Первые полтора месяца Кася жила в старой ванне. Рядом стояло ведро с рыбой. Егор жил тут же, почти не уходя в дом, спал на досках и непрерывно, днем и ночью разговаривал с детенышем на никому не понятном языке. Колька построил брату шалаш, чтобы его не заливало дождем.
Потом Егор заявил, что Касе нужен бассейн. Отец подошел к делу системно и нанял в поселке экскаватор. Братья носили с берега камни. Кася стала гладенькой и упругой. На всех шипела, а Егора приветствовала ласковым ворчанием или свистом.
Зиму с нерпой в доме Наталья вспоминает как кошмар и одновременно единственный период, когда Егор сам регулярно выходил на контакт с родными. Только он мог перевести Касины желания на человеческий язык, у него не было другого выхода.

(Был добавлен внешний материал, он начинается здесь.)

(* Let $R$ be a commutative ring with unit and let $M_0\prec M\subset\mathbb{M}_R$. Then the homomorphism $\rho^R_{M,M_0}\colon R[q]^M\to R[q]^{M_0}$ is injective.
   Context: All rings are commutative with unit; $q$ is an indeterminate. $\mathbb{M}_R$ denotes the set of monic polynomials in $R[q]$. For $M\subset\mathbb{M}_R$, $M^*$ is the multiplicative set generated by $M$, directed by divisibility, and $R[q]^M=\varprojlim_{f\in M^*}R[q]/(f)$; for $M'\subset M$, $\rho^R_{M,M'}\colon R[q]^M\to R[q]^{M'}$ is induced by the identity of $R[q]$. For $f,g\in\mathbb{M}_R$ write $f\Rightarrow_R g$ if there exist an ideal $I\subset R$ with $\bigcap_{j\ge0}I^j=(0)$ and an integer $m\ge0$ such that $f^m\in (g)+I[q]$. For $M',M\subset\mathbb{M}_R$ write $M'\prec M$ if $M'\subset M$ and for each $f\in M$ there is a finite sequence $f_0\Rightarrow_R f_1\Rightarrow_R\cdots\Rightarrow_R f_r=f$ ($r\ge0$) of elements of $M$ with $f_0\in M'$. *)

theory Defs
  imports "HOL-Computational_Algebra.Polynomial" "HOL-Library.Multiset"
begin

definition monic_polys :: "'a::comm_ring_1 poly set" where
  "monic_polys = {f. lead_coeff f = 1}"

definition mult_gen :: "'a::comm_ring_1 poly set \<Rightarrow> 'a poly set" where
  "mult_gen M = {prod_mset A | A. set_mset A \<subseteq> M}"

definition pcoset :: "'a::comm_ring_1 poly \<Rightarrow> 'a poly \<Rightarrow> 'a poly set" where
  "pcoset f p = {p + f * h | h. True}"

(* R[q]^M = inverse limit over f in M^* (directed by divisibility) of R[q]/(f),
   realised as the set of compatible families of residue classes *)
definition invlim :: "'a::comm_ring_1 poly set \<Rightarrow> ('a poly \<Rightarrow> 'a poly set) set" where
  "invlim M = {x. (\<forall>f\<in>mult_gen M. \<exists>p. x f = pcoset f p)
                \<and> (\<forall>f. f \<notin> mult_gen M \<longrightarrow> x f = {})
                \<and> (\<forall>f\<in>mult_gen M. \<forall>g\<in>mult_gen M. f dvd g \<longrightarrow> x g \<subseteq> x f)}"

definition rho :: "'a::comm_ring_1 poly set \<Rightarrow> 'a poly set \<Rightarrow> ('a poly \<Rightarrow> 'a poly set) \<Rightarrow> ('a poly \<Rightarrow> 'a poly set)" where
  "rho M M' x = (\<lambda>f. if f \<in> mult_gen M' then x f else {})"

definition is_ideal :: "'a::comm_ring_1 set \<Rightarrow> bool" where
  "is_ideal I \<longleftrightarrow> 0 \<in> I \<and> (\<forall>a\<in>I. \<forall>b\<in>I. a + b \<in> I) \<and> (\<forall>r. \<forall>a\<in>I. r * a \<in> I)"

definition ideal_span :: "'a::comm_ring_1 set \<Rightarrow> 'a set" where
  "ideal_span S = \<Inter>{J. is_ideal J \<and> S \<subseteq> J}"

fun ideal_pow :: "'a::comm_ring_1 set \<Rightarrow> nat \<Rightarrow> 'a set" where
  "ideal_pow I 0 = UNIV"
| "ideal_pow I (Suc j) = ideal_span {a * b | a b. a \<in> I \<and> b \<in> ideal_pow I j}"

definition poly_ext :: "'a::comm_ring_1 set \<Rightarrow> 'a poly set" where
  "poly_ext I = {p. \<forall>i. coeff p i \<in> I}"

definition arrow :: "'a::comm_ring_1 poly \<Rightarrow> 'a poly \<Rightarrow> bool" where
  "arrow f g \<longleftrightarrow> (\<exists>I m. is_ideal I \<and> (\<Inter>j. ideal_pow I j) = {0} \<and>
      (\<exists>h p. p \<in> poly_ext I \<and> f ^ m = g * h + p))"

definition prec :: "'a::comm_ring_1 poly set \<Rightarrow> 'a poly set \<Rightarrow> bool" where
  "prec M' M \<longleftrightarrow> M' \<subseteq> M \<and>
     (\<forall>f\<in>M. \<exists>f0\<in>M'. (\<lambda>a b. a \<in> M \<and> b \<in> M \<and> arrow a b)\<^sup>*\<^sup>* f0 f)"

end

theory Submission
  imports Defs
begin

(* Let x, y be compatible families that agree at all products of a set T, let f lie in T, and
   let f^m = g u + p where p has coefficients in an ideal I whose powers intersect in 0. Then
   f^(mN) is congruent to p^N modulo g. Comparing x and y at f^(mN) g h, where they agree modulo
   f^(mN) h, shows that the difference of their components at g h is congruent, modulo the monic
   polynomial g h, to a multiple of p^N, which has coefficients in I^N. Division by a monic
   polynomial preserves coefficient ideals, so the remainder of that difference has coefficients
   in every I^N and vanishes: x and y also agree at g h. Following the chains
   f_0 => ... => f_r spreads agreement from the products of M0 to all of M^*. *)

section \<open>Ideals and coefficient ideals\<close>

lemma module_mult: "module ((*) :: 'a::comm_ring_1 \<Rightarrow> 'a \<Rightarrow> 'a)"
  by unfold_locales (simp_all add: algebra_simps)

lemma is_ideal_iff_subspace: "is_ideal J \<longleftrightarrow> module.subspace (*) J"
  unfolding is_ideal_def module.subspace_def[OF module_mult] by blast

lemma is_ideal_diff: "is_ideal J \<Longrightarrow> a \<in> J \<Longrightarrow> b \<in> J \<Longrightarrow> a - b \<in> J"
  unfolding is_ideal_iff_subspace by (rule module.subspace_diff[OF module_mult])

lemma is_ideal_sum: "is_ideal J \<Longrightarrow> (\<And>i. i \<in> A \<Longrightarrow> f i \<in> J) \<Longrightarrow> sum f A \<in> J"
  unfolding is_ideal_iff_subspace by (rule module.subspace_sum[OF module_mult])

lemma is_ideal_ideal_span: "is_ideal (ideal_span S)"
  unfolding is_ideal_def ideal_span_def by auto

lemma ideal_span_superset: "S \<subseteq> ideal_span S"
  unfolding ideal_span_def by auto

lemma is_ideal_ideal_pow: "is_ideal (ideal_pow I n)"
  by (cases n) (auto simp: is_ideal_def is_ideal_ideal_span[unfolded is_ideal_def])

lemma is_ideal_poly_ext:
  assumes "is_ideal J"
  shows "is_ideal (poly_ext J)"
proof -
  have "coeff (r * p) n \<in> J" if "p \<in> poly_ext J" for r p n
    using that assms unfolding coeff_mult
    by (intro is_ideal_sum) (auto simp: is_ideal_def poly_ext_def)
  then show ?thesis
    using assms by (auto simp: is_ideal_def poly_ext_def)
qed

Весной Кася вернулась в родную стихию, но не рассталась с мальчиком, приплывая ежедневно за порцией рыбы. Потом Егор учил ее играть в мяч в волнах. Потом он учил ее (или она его учила?) охотиться. Потом она научилась приносить ему рыбу — поиграть. Потом… как ни фантастически это звучит, но фактически мальчик и балтийская нерпа стали лучшими друзьями, а Егор получил свою кличку и превратился в Ихтиандра. Странно, но при своей тщедушной внешности он чрезвычайно вынослив, совершенно не боится холода, может часами плавать в холодной воде и никогда не болеет.
Чудесная история, но при чем же тут завуч поселковой школы?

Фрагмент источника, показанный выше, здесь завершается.